Like I mentioned before, discovering why you are sabotaging yourself can be done with your therapist. We are self-sabotaging for some internal reason, due to some inner struggle. It’s important to identify the areas you are practicing self-sabotaging behavior. Once you have identified these areas you can dig deeper and discover why you are doing this to yourself. You will eventually discover why you are doing this, the fear of rejection, low self-esteem and so forth. You can then target the root cause and learn to cope and move past these fears, or improve yourself esteem, therefore eliminating the self-sabotaging behavior in the process.

7. Journaling

Journaling is extremely therapeutic, safe and raw. There are no rules, grammar doesn’t matter, you can write whatever you want and no one ever needs to see it. I like to encourage clients to try to journal their thoughts without letting themselves stop to think. Give yourself one minute to just write none stop; you will be surprised about what your subconscious brings up onto the page. You can also use the journal to write about your fears, goals, dreams, self-affirmations, questions, quotes etc. This is your safe space to be as real and raw as you’d like, you can bring this to session if you feel comfortable as well to share with your therapist, as some of your most vulnerable thoughts may be in this journal.

8. Positive Self-Talk 

Self-talk could be negative and we don’t usually notice that it’s happening. Positive self-talk seems extremely easy, but it’s actually quiet difficult in the beginning. The first step is to observe yourself, be self-aware; you will start noticing all the negative thoughts and words you say to yourself.
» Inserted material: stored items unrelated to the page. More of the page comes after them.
lemma ennreal_prod_tendsto_zero_if_odd_factors_le:
  fixes a b :: "nat \<Rightarrow> ennreal" and c :: ennreal
  assumes le: "\<And>i. b i \<le> a i" and odd_le: "\<And>i. odd i \<Longrightarrow> b i \<le> c" and "c < 1"
    and prod_a: "(\<lambda>n. \<Prod>i<n. a i) \<longlonglongrightarrow> L" and "L < \<infinity>"
  shows "(\<lambda>n. \<Prod>i<n. b i) \<longlonglongrightarrow> 0"
proof (cases "\<exists>j. a j = 0")
  case True
  then obtain j where "a j = 0" ..
  then have "(\<Prod>i<n. b i) = 0" if "j < n" for n
    using that le[of j] by (auto simp: prod_zero_iff)
  then show ?thesis
    by (intro tendsto_eventually) (auto simp: eventually_sequentially intro!: exI[of _ "Suc j"])
next
  case False
  then have a_finite: "a i < \<infinity>" for i
    using ennreal_prod_tendsto_finite_imp_factor_finite[OF prod_a \<open>L < \<infinity>\<close>] by simp
  then have b_finite: "b i < \<infinity>" for i
    using le[of i] by (rule le_less_trans[rotated])
  define a' b' where "a' i = enn2real (a i)" and "b' i = enn2real (b i)" for i
  have a_eq: "a i = ennreal (a' i)" and b_eq: "b i = ennreal (b' i)" for i
    using a_finite[of i] b_finite[of i] by (simp_all add: a'_def b'_def ennreal_enn2real_if)
  have a'_nonneg: "0 \<le> a' i" and b'_nonneg: "0 \<le> b' i" for i
    by (simp_all add: a'_def b'_def)
  have "(\<lambda>n. enn2real (\<Prod>i<n. a i)) \<longlonglongrightarrow> enn2real L"
    using prod_a \<open>L < \<infinity>\<close> by (intro tendsto_enn2real) auto
  then have prod_a': "(\<lambda>n. \<Prod>i<n. a' i) \<longlonglongrightarrow> enn2real L"
    by (simp add: a_eq prod_ennreal prod_nonneg a'_nonneg)
  have le': "b' i \<le> a' i" for i
    using le[of i] a_finite[of i] by (simp add: a'_def b'_def enn2real_mono)
  have odd_le': "b' i \<le> enn2real c" if "odd i" for i
    unfolding b'_def using odd_le[OF that] \<open>c < 1\<close> ennreal_one_less_top
    by (intro enn2real_mono) (auto intro: order.strict_trans)
  have "enn2real c < 1"
    using \<open>c < 1\<close> by (cases c) auto
  from prod_tendsto_zero_if_odd_factors_le[OF b'_nonneg le' odd_le' this prod_a']
  have "(\<lambda>n. \<Prod>i<n. b' i) \<longlonglongrightarrow> 0" .
  then have "(\<lambda>n. ennreal (\<Prod>i<n. b' i)) \<longlonglongrightarrow> ennreal 0"
    by (rule tendsto_ennrealI)
  then show ?thesis
    by (simp add: b_eq prod_ennreal b'_nonneg)
qed
lemma exists_linear_dependence:
  fixes v :: "'k \<Rightarrow> 'i \<Rightarrow> real"
  assumes "finite I" and "card I < card K"
  shows "\<exists>c. (\<exists>k\<in>K. c k \<noteq> 0) \<and> (\<forall>t\<in>I. (\<Sum>k\<in>K. c k * v k t) = 0)"
  using assms
proof (induction I arbitrary: K v rule: finite_induct)
  case empty
  then have "K \<noteq> {}" by auto
  then show ?case by (intro exI[of _ "\<lambda>_. 1"]) auto
next
  case (insert i J)
  have "finite K" using insert.prems card.infinite by fastforce
  show ?case
  proof (cases "\<forall>k\<in>K. v k i = 0")
    case True
    moreover have "card J < card K" using insert by simp
    ultimately show ?thesis using insert.IH[of K v] by auto
  next
    case False
    then obtain k0 where k0: "k0 \<in> K" "v k0 i \<noteq> 0" by auto
    \<comment> \<open>Gaussian elimination: use \<open>v k0\<close> to clear coordinate \<open>i\<close> of the other vectors.\<close>
    define v' where "v' k = (\<lambda>t. v k t - v k i / v k0 i * v k0 t)" for k
    have "card J < card (K - {k0})" using insert k0 \<open>finite K\<close> by simp
    then obtain c where c: "\<exists>k\<in>K - {k0}. c k \<noteq> 0" "\<forall>t\<in>J. (\<Sum>k\<in>K - {k0}. c k * v' k t) = 0"
      using insert.IH by blast
    define c' where "c' = c(k0 := - (\<Sum>k\<in>K - {k0}. c k * v k i) / v k0 i)"
    have combination: "(\<Sum>k\<in>K. c' k * v k t) = (\<Sum>k\<in>K - {k0}. c k * v' k t)" for t
    proof -
      have "(\<Sum>k\<in>K. c' k * v k t) = c' k0 * v k0 t + (\<Sum>k\<in>K - {k0}. c' k * v k t)"
        using k0 \<open>finite K\<close> by (simp add: sum.remove)
      also have "(\<Sum>k\<in>K - {k0}. c' k * v k t) = (\<Sum>k\<in>K - {k0}. c k * v k t)"
        unfolding c'_def by (intro sum.cong) auto
      finally show ?thesis
        unfolding v'_def c'_def
        by (simp add: sum_subtractf sum_distrib_left sum_distrib_right sum_divide_distrib algebra_simps)
    qed
    have "(\<Sum>k\<in>K. c' k * v k t) = 0" if "t \<in> insert i J" for t
      using that c(2) k0(2) by (auto simp: combination v'_def)
    moreover have "\<exists>k\<in>K. c' k \<noteq> 0"
      using c(1) by (auto simp: c'_def)
    ultimately show ?thesis by blast
  qed
qed

lemma exists_linear_dependence_pos:
  fixes v :: "'k \<Rightarrow> 'i \<Rightarrow> real"
  assumes "finite I" and "card I < card K"
  obtains c where "\<exists>k\<in>K. 0 < c k" "\<forall>t\<in>I. (\<Sum>k\<in>K. c k * v k t) = 0"
proof -
  obtain c where c: "\<exists>k\<in>K. c k \<noteq> 0" "\<forall>t\<in>I. (\<Sum>k\<in>K. c k * v k t) = 0"
    using exists_linear_dependence[OF assms] by blast
  show thesis
  proof (cases "\<exists>k\<in>K. 0 < c k")
    case False
    then have "\<exists>k\<in>K. 0 < - c k"
      using c(1) by (force simp: not_less)
    moreover have "\<forall>t\<in>I. (\<Sum>k\<in>K. - c k * v k t) = 0"
      using c(2) by (simp add: sum_negf)
    ultimately show thesis by (rule that)
  qed (use c that in blast)
qed

lemma conic_combination_remove_one:
  fixes v :: "'k \<Rightarrow> 'i \<Rightarrow> real"
  assumes "finite I" "finite K" "card I < card K"
    and "\<forall>k\<in>K. 0 \<le> a k" "\<forall>t\<in>I. b t = (\<Sum>k\<in>K. a k * v k t)"
  obtains k0 a' where "k0 \<in> K" "\<forall>k\<in>K - {k0}. 0 \<le> a' k"
    "\<forall>t\<in>I. b t = (\<Sum>k\<in>K - {k0}. a' k * v k t)"
proof -
  obtain c where c: "\<exists>k\<in>K. 0 < c k" "\<forall>t\<in>I. (\<Sum>k\<in>K. c k * v k t) = 0"
    by (rule exists_linear_dependence_pos[OF assms(1,3)])
  \<comment> \<open>Move from \<open>a\<close> along \<open>-c\<close> until the first coefficient hits zero.\<close>
  define P where "P = {k\<in>K. 0 < c k}"
  have "finite P" "P \<noteq> {}" using assms(2) c(1) by (auto simp: P_def)
  define \<theta> where "\<theta> = Min ((\<lambda>k. a k / c k) ` P)"
  obtain k0 where k0: "k0 \<in> P" "\<theta> = a k0 / c k0"
    using Min_in[of "(\<lambda>k. a k / c k) ` P"] \<open>finite P\<close> \<open>P \<noteq> {}\<close> unfolding \<theta>_def by blast
  have "k0 \<in> K" "0 \<le> \<theta>" using k0 assms(4) by (auto simp: P_def)
  define a' where "a' k = a k - \<theta> * c k" for k
  have "0 \<le> a' k" if "k \<in> K" for k
  proof (cases "0 < c k")
    case True
    then have "\<theta> \<le> a k / c k"
      using \<open>finite P\<close> that by (auto simp: \<theta>_def P_def)
    then show ?thesis using True by (simp add: a'_def pos_le_divide_eq)
  next
    case False
    then have "\<theta> * c k \<le> 0"
      using \<open>0 \<le> \<theta>\<close> by (simp add: mult_nonneg_nonpos)
    moreover have "0 \<le> a k" using assms(4) that by blast
    ultimately show ?thesis by (simp add: a'_def)
  qed
  moreover have "b t = (\<Sum>k\<in>K - {k0}. a' k * v k t)" if "t \<in> I" for t
  proof -
    have "b t = (\<Sum>k\<in>K. a k * v k t) - \<theta> * (\<Sum>k\<in>K. c k * v k t)"
      using that assms(5) c(2) by simp
    also have "\<dots> = (\<Sum>k\<in>K. a' k * v k t)"
      by (simp add: a'_def sum_subtractf sum_distrib_left algebra_simps)
    also have "\<dots> = a' k0 * v k0 t + (\<Sum>k\<in>K - {k0}. a' k * v k t)"
      using sum.remove[OF assms(2) \<open>k0 \<in> K\<close>] .
    also have "a' k0 = 0"
      using k0 by (simp add: a'_def P_def)
    finally show ?thesis by simp
  qed
  ultimately show thesis using that \<open>k0 \<in> K\<close> by blast
qed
You will start noticing how negatively you speak to yourself; it will probably shock you at first. We don’t even notice how this critical voice destroys our self-esteem and self-worth. The harder part is changing this to a more positive talk, start cutting those negative thoughts short and replacing them with a positive thought. You may not believe it at first but with enough time and practice you will eventually start thinking about yourself differently and your self-esteem and worth with begin to become more positive.
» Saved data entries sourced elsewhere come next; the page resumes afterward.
lemma sbracket_centroid_quasicentroid_in_center:
  assumes D1: "D1 \<in> centroid scale \<delta> G br" "hom_end scale G D1 d1"
    and D2: "D2 \<in> quasicentroid scale br" "hom_end scale G D2 d2"
  shows "sbracket scale D1 d1 D2 d2 x \<in> center br"
proof -
  let ?S = "sbracket scale D1 d1 D2 d2"
  have hom_centroid: "D1 \<in> hom_centroid scale \<delta> G br d1"
    using centroid_hom_end_imp_hom_centroid[OF djlsts_graded_space D1] .
  have lin_S: "Vector_Spaces.linear scale scale ?S"
    using D1(2) D2(2) linear_sbracket by (simp add: hom_end_def)
  note vanish = linear_eq_0_if_homogeneous_eq_0[OF djlsts_graded_space]
  have "br (?S x) y z = 0" for y z
  proof (rule vanish[OF linear_bracket_3])
    fix l c assume c: "l < 2" "c \<in> G l"
    show "br (?S x) y c = 0"
    proof (rule vanish[OF linear_bracket_2])
      fix j b assume b: "j < 2" "b \<in> G j"
      show "br (?S x) b c = 0"
      proof (rule vanish[OF Vector_Spaces.linear_compose[OF lin_S linear_bracket_1, unfolded o_def]])
        fix i a assume "i < 2" "a \<in> G i"
        then show "br (?S a) b c = 0"
          using hom_centroid_sbracket_quasicentroid_homogeneous[OF hom_centroid D2] b c by blast
      qed
    qed
  qed
  then show ?thesis
    by (simp add: center_def)
qed

end

theorem theorem2p16:
  fixes scale :: "'k::field \<Rightarrow> 'v::ab_group_add \<Rightarrow> 'v"
    and \<delta> :: 'k and G :: "nat \<Rightarrow> 'v set" and br :: "'v \<Rightarrow> 'v \<Rightarrow> 'v \<Rightarrow> 'v"
  assumes "djlsts scale \<delta> G br"
  shows "(\<forall>D1 d1 D2 d2. D1 \<in> centroid scale \<delta> G br \<and> hom_end scale G D1 d1
            \<and> D2 \<in> quasicentroid scale br \<and> hom_end scale G D2 d2
            \<longrightarrow> (\<forall>x. sbracket scale D1 d1 D2 d2 x \<in> center br))
       \<and> (center br = {0} \<longrightarrow>
          (\<forall>D1 d1 D2 d2. D1 \<in> centroid scale \<delta> G br \<and> hom_end scale G D1 d1
            \<and> D2 \<in> quasicentroid scale br \<and> hom_end scale G D2 d2
            \<longrightarrow> sbracket scale D1 d1 D2 d2 = (\<lambda>x. 0)))"
  using sbracket_centroid_quasicentroid_in_center[OF assms] by auto

end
9. Comparisons are useless

Stop comparing yourself to others; this will only make you feel like you are not good enough. An important thing to remember is that everyone’s journey is different, you don’t know what they have experienced or gone through to get where they are. We are all so different none of our journeys will be the same, so just focus on your own. If you are looking at other peoples successes, instead use it as motivation to achieve your own - if they can do it so can you. Ask questions if you’re interested in how they achieved what they have achieved, maybe have them become a mentor to you. Try and turn the comparison into a positive driving factor instead of letting it get you down.

10. Love Yourself!

Practice self-love and stop running away from yourself. Instead make time to do things you love, do thinks that will nourish your mind, body and soul. You should be your biggest fan and your own best friend. While practicing self-awareness you will notice how hard you are on yourself in comparison to how you are with others you love. Make sure you start treating yourself like someone you love. Reward your progress, congratulate yourself and always remind yourself how amazing you truly are and how much you are really capable of achieving.

Using these tips on your own, teaching them to your children or in combination with the work you/they are doing in therapy is sure to help ease the affects of self-sabotaging behavior. They can also help you or your child move towards a more fulfilling and happy life. Make sure to practice these on a daily basis to feel the full affects of their therapeutic value.